Provedel, il gol meravigliao

Il commento del Condirettore del Corriere dello Sport-Stadio
Alessandro Barbano
4 min

ROMA - Gli occhi increduli di Provedel, dopo il gol meravigliao che regala il pari alla Lazio, mi riportano alla memoria il bellissimo verso di Umberto Saba, che chiude la poesia Goal: “Della festa, egli dice, anch’io son parte”. E Provedel è parte due volte. Quando nega il raddoppio ai madrileni, opponendo il suo corpo al tiro a colpo sicuro di Lino, e quando sbuca più rapido di tutti tra un nugolo di difensori biancorossi e insacca. È un capolavoro che vale la pena ancora di celebrare con le parole del grande poeta triestino: “Intorno al vincitore stanno, al suo collo si gettano i fratelli. Pochi momenti come questo belli, a quanti l’odio consuma e l’amore, è dato, sotto il cielo, di vedere”.

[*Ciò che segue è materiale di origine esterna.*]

lemma in_Ar_abs_le: "in_Ar r x \<Longrightarrow> 0 \<le> r \<Longrightarrow> \<bar>x i - x j\<bar> \<le> r"
  unfolding in_Ar_def by (cases "i = j") auto

lemma tvkr_solution_has_right_derivative:
  assumes "tvkr_solution \<omega> a \<theta>"
  shows "\<exists>S. countable S \<and> (\<forall>t\<in>{0..} - S. \<forall>i.
    ((\<lambda>s. \<theta> s i) has_real_derivative \<omega> i t + coupling a t (\<theta> t) i) (at_right t))"
proof -
  obtain S where S: "countable S"
    "\<And>i t. t \<in> {0..} - S \<Longrightarrow> ((\<lambda>s. \<theta> s i) has_real_derivative
      (\<omega> i t + (\<Sum>j\<in>UNIV. a i j t * sin (\<theta> t j - \<theta> t i)))) (at t within {0..})"
    using assms unfolding tvkr_solution_def by blast
  have "((\<lambda>s. \<theta> s i) has_real_derivative \<omega> i t + coupling a t (\<theta> t) i) (at_right t)"
    if "t \<in> {0..} - S" for i t
  proof -
    have "{t<..} \<subseteq> {0..}" using that by auto
    then show ?thesis using DERIV_subset[OF S(2)[OF that]] unfolding coupling_def by simp
  qed
  then show ?thesis using S(1) by blast
qed

lemma countable_discontinuities_if_piecewise_continuous:
  assumes "piecewise_continuous f"
  shows "countable {t. t \<ge> 0 \<and> \<not> continuous (at t within {0..}) f}"
proof -
  have "{t. t \<ge> 0 \<and> \<not> continuous (at t within {0..}) f}
      = (\<Union>n::nat. {t \<in> {0..real n}. \<not> continuous (at t within {0..}) f})"
    by (auto intro: real_arch_simple)
  moreover have "finite {t \<in> {0..real n}. \<not> continuous (at t within {0..}) f}" for n
    using assms unfolding piecewise_continuous_def by blast
  ultimately show ?thesis by (simp add: countable_finite)
qed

È un momento stupendo, tutt’uno con la sofferta identità della Lazio. Un momento in cui la gioia combacia con lo sgomento, tanto desiderata e tanto inattesa arriva la rete che vale il pareggio. Ma, di più, che vale la fiducia di credere nell’avventura in Europa. La perla del portierone di Sarri dimostra che in partite come questa il coraggio sopravanza la stessa differenza tecnica. L’Atletico palleggia meglio, è capace di affondare con tre passaggi, controlla il vantaggio con disinvoltura. Ma pecca di superbia. E viene punito da una squadra più modesta e, soprattutto, anagraficamente vecchia – l’età media degli uomini di Sarri tocca i trent’anni, troppi per chi pretenda di giocare un calcio globale. Però l’umiltà stavolta è il dodicesimo uomo. Sostiene la fiducia dei biancocelesti, guidati per novanta minuti dalla regia illuminante di Luis Alberto, e con le residue energie la Lazio azzarda l’assedio alla porta spagnola che si rivelerà decisivo.

Progetto Lazio

Il pareggio dell’Olimpico tuttavia racconta il divario di tecnica, di agonismo e di esperienza che questa squadra denuncia al confronto con una big del calcio europeo, se pure falcidiata da tanti infortuni. C’è una spanna tra gli uomini di Simeone, accolto con affetto dalla tifoseria laziale, e quelli di Sarri. È una Lazio orfana di Milinkovic in mezzo al campo, dove la generosità di Kamada non è neanche il succedaneo dell’autorevolezza del serbo. Ed è una Lazio senza spine davanti, dove il ritardo negli spunti e l’incertezza nelle conclusioni di Immobile forse suggerirebbero un’apertura di credito a Castellanos. Ma più di tutto, ciò che preoccupa Sarri è la diligente prevedibilità con cui la squadra interpreta gli schemi del tecnico toscano. Ancorché ordinata e corta tra i reparti, tanto da non farsi quasi mai sorprendere dalle incursioni dell’Atletico, la Lazio non riesce a sostenere l’impegno di un pressing collettivo e le sue sovrapposizioni risultano troppo “telefonate” per aprire concreti spazi al tiro. La premia l’ottimismo della volontà. E in una serata meravigliosa, vale la pena di abbandonarsi a questa emozione inebriante. A patto di non ignorare ciò che in controluce il campo mostra.